Несмотря на то что в «Ленте» всегда очень четко (и очень правильно) постулировалось, что главным рабочим инструментом редактора является головной мозг, на первых порах новичку приходилось прежде всего учиться его отключать – то есть силой воли пресекать свои наиболее естественные ментальные реакции, которые, как выяснилось, только препятствовали пониманию дела. К этому подталкивала сама работа. Наша задача в качестве редакторов ночной смены заключалась в том, чтобы, пошарив по новостным сайтам и страницам нескольких десятков агентств, газет, журналов, телеканалов и т. п., отобрать сообщения о наиболее интересных событиях, а потом, взяв фактическую информацию из этих источников, написать свою заметку о случившемся. В тех случаях, когда речь шла об источниках на иностранном языке, все было более-менее понятно – мы читали источник и писали свое сообщение по-русски. В этом был простой и понятный смысл. Мозг взрывался, когда нужно было написать новость по сообщению какого-то российского информагентства. Просто копировать текст нам было жесточайше запрещено. Это занятие считалось позорным. За него увольняли. Сообщение следовало, что называется, «отрерайтить», то есть зачастую приходилось писать то же самое, что и, скажем, у «Интерфакса» про какой-нибудь пожар, только своими словами, но так, чтобы было не похоже на оригинал. Это потом со временем мы научились собирать предысторию каждого события и дополнять этой информацией каждый материал, находить дополнительную информацию и перепроверять данные по нескольким источникам. Поначалу же некоторые новички ограничивались просто тем, что переставляли слова и предложения местами и выдавали это за собственную новость. Впоследствии, когда я работал выпускающим редактором, этот «облегченный» подход приходилось упорно и жестоко искоренять. А приходили с ним почти все.

Но, пожалуй, самым сложным было научиться не делать в своих заметках собственных выводов, к которым подталкивали умело составленные материалы первоисточников. Если, к примеру, в сообщении говорилось о многомиллионном иске против какой-то компании и приводились «железные» аргументы в пользу истцов, рука сама так и тянулась написать, что у компании такой-то отсудят столько-то миллионов. Прочитав такой заголовок, главный редактор обычно вызывала к себе в кабинет и, выглядывая из-за огромного аймака с Дартом Вейдером в розовых тонах на задней панели, осведомлялась с улыбочкой, не предвещавшей ничего хорошего, давно ли составитель заметки раскрыл свой третий глаз и стал предвидеть будущее. После недолгих препирательств автору приходилось признать, что отсудят или не отсудят – это еще не известно, а фактически в источнике нет ничего, кроме сообщения о поданном иске. Заголовок, естественно, отправлялся в корзину и заменялся менее броским, но соответствующим действительности.

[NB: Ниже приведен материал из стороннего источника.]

lemma fz_elem_eq_fz_fz_indicator:
  assumes h: "fuzzy_hyperop h" and A: "fuzzy A"
  shows "fz_elem h A \<gamma> y = fz_fz h A \<gamma> (indicator {y})"
proof
  fix t
  have A0: "0 \<le> A x" for x using A by (simp add: fuzzy_def)
  note h01 = fuzzy_hyperopD[OF h]
  have "(SUP p. min (A p) (h p \<gamma> y t)) \<le> fz_fz h A \<gamma> (indicator {y}) t"
    unfolding fz_fz_def
  proof (rule SUP_UNIV_le_real)
    fix p
    show "min (A p) (h p \<gamma> y t)
        \<le> (SUP pq. min (min (A (fst pq)) (h (fst pq) \<gamma> (snd pq) t)) (indicator {y} (snd pq)))"
      by (rule le_SUP_UNIV_real[where B=1 and i="(p, y)"]) (auto simp: h01 min_le_iff_disj)
  qed
  moreover have "fz_fz h A \<gamma> (indicator {y}) t \<le> (SUP p. min (A p) (h p \<gamma> y t))"
    unfolding fz_fz_def
  proof (rule SUP_UNIV_le_real)
    fix pq :: "'a \<times> 'a"
    obtain p q where pq: "pq = (p, q)" by (cases pq)
    have "0 \<le> (SUP p. min (A p) (h p \<gamma> y t))"
      by (rule le_SUP_UNIV_real[where B=1 and i=undefined]) (auto simp: A0 h01 min_le_iff_disj)
    moreover have "min (A p) (h p \<gamma> y t) \<le> (SUP p. min (A p) (h p \<gamma> y t))"
      by (rule le_SUP_UNIV_real[where B=1]) (auto simp: h01 min_le_iff_disj)
    ultimately show "min (min (A (fst pq)) (h (fst pq) \<gamma> (snd pq) t)) (indicator {y} (snd pq))
        \<le> (SUP p. min (A p) (h p \<gamma> y t))"
      by (cases "q = y") (auto simp: pq min_def)
  qed
  ultimately show "fz_elem h A \<gamma> y t = fz_fz h A \<gamma> (indicator {y}) t"
    using fz_elem_eq_SUP[OF h A0] by simp
qed

lemma bi_ideal_absorbs:
  assumes h: "fuzzy_hyperop h" and bi: "fuzzy_Gamma_hyper_bi_ideal h \<nu>"
  shows "fz_fz h (fz_fz h \<nu> \<alpha> \<kappa>) \<beta> \<nu> r \<le> \<nu> r"
proof -
  have \<nu>0: "0 \<le> \<nu> x" for x
    using bi by (simp add: fuzzy_Gamma_hyper_bi_ideal_def fuzzy_sub_Gamma_hypersemigroup_def fuzzy_def)
  note h01 = fuzzy_hyperopD[OF h]
  have point: "fz_fz h (fz_elem h \<nu> \<alpha> z) \<beta> \<nu> x \<le> \<nu> x" for z x
    using bi by (auto simp: fuzzy_Gamma_hyper_bi_ideal_def fuzzy_subset_le_def)
  have chain: "min (min (min (\<nu> p) (h p \<alpha> z s)) (\<kappa> z)) (min (h s \<beta> q r) (\<nu> q)) \<le> \<nu> r"
    for p z s q
  proof -
    have "min (\<nu> p) (h p \<alpha> z s) \<le> fz_elem h \<nu> \<alpha> z s"
      unfolding fz_elem_eq_SUP[OF h \<nu>0]
      by (rule le_SUP_UNIV_real[where B=1]) (auto simp: h01 min_le_iff_disj)
    moreover have "min (min (fz_elem h \<nu> \<alpha> z s) (h s \<beta> q r)) (\<nu> q) \<le> fz_fz h (fz_elem h \<nu> \<alpha> z) \<beta> \<nu> r"
      unfolding fz_fz_def
      by (rule le_SUP_UNIV_real[where B=1 and i="(s, q)"]) (auto simp: h01 min_le_iff_disj)
    ultimately show ?thesis
      using point[of z r] by (smt (verit) min_def)
  qed
  show ?thesis
    unfolding fz_fz_def[of h "fz_fz h \<nu> \<alpha> \<kappa>"]
  proof (rule SUP_UNIV_le_real)
    fix sq :: "'a \<times> 'a"
    obtain s q where sq: "sq = (s, q)" by (cases sq)
    have "min (fz_fz h \<nu> \<alpha> \<kappa> s) (min (h s \<beta> q r) (\<nu> q)) \<le> \<nu> r"
      unfolding fz_fz_def[of h \<nu>]
      using chain by (intro min_SUP_le_real) simp
    then show "min (min (fz_fz h \<nu> \<alpha> \<kappa> (fst sq)) (h (fst sq) \<beta> (snd sq) r)) (\<nu> (snd sq)) \<le> \<nu> r"
      by (simp add: sq min.assoc)
  qed
qed

lemma bi_ideal_fz_fz_left:
  assumes hs: "fuzzy_Gamma_hypersemigroup h" and \<mu>: "fuzzy \<mu>"
    and bi: "fuzzy_Gamma_hyper_bi_ideal h \<nu>"
  shows "fuzzy_Gamma_hyper_bi_ideal h (fz_fz h \<mu> \<gamma> \<nu>)"
proof -
  have h: "fuzzy_hyperop h" using hs by (simp add: fuzzy_Gamma_hypersemigroup_def)
  have \<nu>: "fuzzy \<nu>"
    using bi by (simp add: fuzzy_Gamma_hyper_bi_ideal_def fuzzy_sub_Gamma_hypersemigroup_def)
  note fuzzy = \<mu> \<nu> fuzzy_fz_fz[OF h]
  let ?P = "fz_fz h \<mu> \<gamma> \<nu>"
  have absorb: "fz_fz h \<mu> \<gamma> (fz_fz h (fz_fz h \<nu> \<alpha> \<kappa>) \<gamma> \<nu>) x \<le> ?P x" for \<alpha> \<kappa> x
    by (rule fz_fz_mono_right[OF h bi_ideal_absorbs[OF h bi]])
  have "fz_fz h ?P \<delta> ?P = fz_fz h \<mu> \<gamma> (fz_fz h (fz_fz h \<nu> \<delta> \<mu>) \<gamma> \<nu>)" for \<delta>
    by (simp add: fz_fz_assoc[OF hs] fuzzy)
  moreover have "fz_fz h (fz_elem h ?P \<alpha> y) \<beta> ?P
      = fz_fz h \<mu> \<gamma> (fz_fz h (fz_fz h \<nu> \<alpha> (fz_fz h (indicator {y}) \<beta> \<mu>)) \<gamma> \<nu>)" for \<alpha> \<beta> y
    by (simp add: fz_elem_eq_fz_fz_indicator[OF h] fz_fz_assoc[OF hs] fuzzy)
  ultimately show ?thesis
    using absorb fuzzy
    by (simp add: fuzzy_Gamma_hyper_bi_ideal_def fuzzy_sub_Gamma_hypersemigroup_def fuzzy_subset_le_def)
qed

lemma bi_ideal_fz_fz_right:
  assumes hs: "fuzzy_Gamma_hypersemigroup h" and \<mu>: "fuzzy \<mu>"
    and bi: "fuzzy_Gamma_hyper_bi_ideal h \<nu>"
  shows "fuzzy_Gamma_hyper_bi_ideal h (fz_fz h \<nu> \<gamma> \<mu>)"
proof -
  have h: "fuzzy_hyperop h" using hs by (simp add: fuzzy_Gamma_hypersemigroup_def)
  have \<nu>: "fuzzy \<nu>"
    using bi by (simp add: fuzzy_Gamma_hyper_bi_ideal_def fuzzy_sub_Gamma_hypersemigroup_def)
  note fuzzy = \<mu> \<nu> fuzzy_fz_fz[OF h]
  let ?Q = "fz_fz h \<nu> \<gamma> \<mu>"
  have absorb: "fz_fz h (fz_fz h (fz_fz h \<nu> \<alpha> \<kappa>) \<beta> \<nu>) \<gamma> \<mu> x \<le> ?Q x" for \<alpha> \<beta> \<kappa> x
    by (rule fz_fz_mono_left[OF h bi_ideal_absorbs[OF h bi]])
  have "fz_fz h ?Q \<delta> ?Q = fz_fz h (fz_fz h (fz_fz h \<nu> \<gamma> \<mu>) \<delta> \<nu>) \<gamma> \<mu>" for \<delta>
    by (simp add: fz_fz_assoc[OF hs] fuzzy)
  moreover have "fz_fz h (fz_elem h ?Q \<alpha> y) \<beta> ?Q
      = fz_fz h (fz_fz h (fz_fz h \<nu> \<gamma> (fz_fz h \<mu> \<alpha> (indicator {y}))) \<beta> \<nu>) \<gamma> \<mu>" for \<alpha> \<beta> y
    by (simp add: fz_elem_eq_fz_fz_indicator[OF h] fz_fz_assoc[OF hs] fuzzy)
  ultimately show ?thesis
    using absorb fuzzy
    by (simp add: fuzzy_Gamma_hyper_bi_ideal_def fuzzy_sub_Gamma_hypersemigroup_def fuzzy_subset_le_def)
qed

theorem theorem4p14:
  fixes hop :: "('m, 'g) fhop" and \<mu> \<nu> :: "'m \<Rightarrow> real"
  assumes "fuzzy_Gamma_hypersemigroup hop"
    and "fuzzy \<mu>"
    and "fuzzy_Gamma_hyper_bi_ideal hop \<nu>"
  shows "\<forall>\<gamma>. fuzzy_Gamma_hyper_bi_ideal hop (fz_fz hop \<mu> \<gamma> \<nu>) \<and>
              fuzzy_Gamma_hyper_bi_ideal hop (fz_fz hop \<nu> \<gamma> \<mu>)"
  using bi_ideal_fz_fz_left[OF assms] bi_ideal_fz_fz_right[OF assms] by blast

end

Одним из главных открытий, которые приходилось делать каждому ленточному редактору, было осознание вынужденной необходимости довериться читателю. Мы работали под девизом «Не путайте правду с информацией». Неприятное осознание, что в действительности мы не знаем и не можем знать наверняка ничего о том, о чем сообщаем читателям, а довольствуемся лишь почерпнутыми от других сведениями, заставляло нас передать право на конечную оценку пользователям. Понимание этого открывало новые цели – вскрыть словесную упаковку сообщений информагентств, раскрыть и обострить противоречия и несвязности в гладких с виду историях, заострить читательское внимание на том, что недосказано в первоисточниках, утрудить его необходимостью самостоятельно все осмыслить и сделать собственный вывод. Вот для этого и правда было нужно включать голову.

Пыткой была также и необходимость все время сохранять подчеркнуто нейтральный тон в своих заметках. Нам строго-настрого запрещалось каким-либо образом выказывать свое отношение к фигурантам сообщений – мы должны были только сдержанно передать факты. И все. «Никаких оценочных суждений в материалах», – гласила должностная инструкция. И ладно бы, если в новостях речь шла о решениях правительства или заседаниях ООН – тут воздержаться от оценочных суждений было нетрудно, а вот с заметками для рубрики «Из жизни» была совсем другая история. Попробуйте с полной серьезностью и нейтральным языком описать, как полтора десятка швейцарских полицейских несколько часов проводили операцию по спасению из озера резиновой женщины или как трогательно рвется к Северному морю сбежавший во время наводнения из зоопарка Праги тюлень по кличке Гастон.

Как это было

Когда я только пришел, ночную смену набирал и отстраивал Слава Варванин. Он тогда был шеф-редактором. Вскоре я узнал, что днем был еще один шеф-редактор – Галя Тимченко, но ее мы видели нечасто. В основном она давала о себе знать гневными и язвительными отповедями в специально заведенном для общения с ночной сменой внутреннем форуме. Так-то застать нас было непросто – мы ведь жили в противофазе со всеми остальными.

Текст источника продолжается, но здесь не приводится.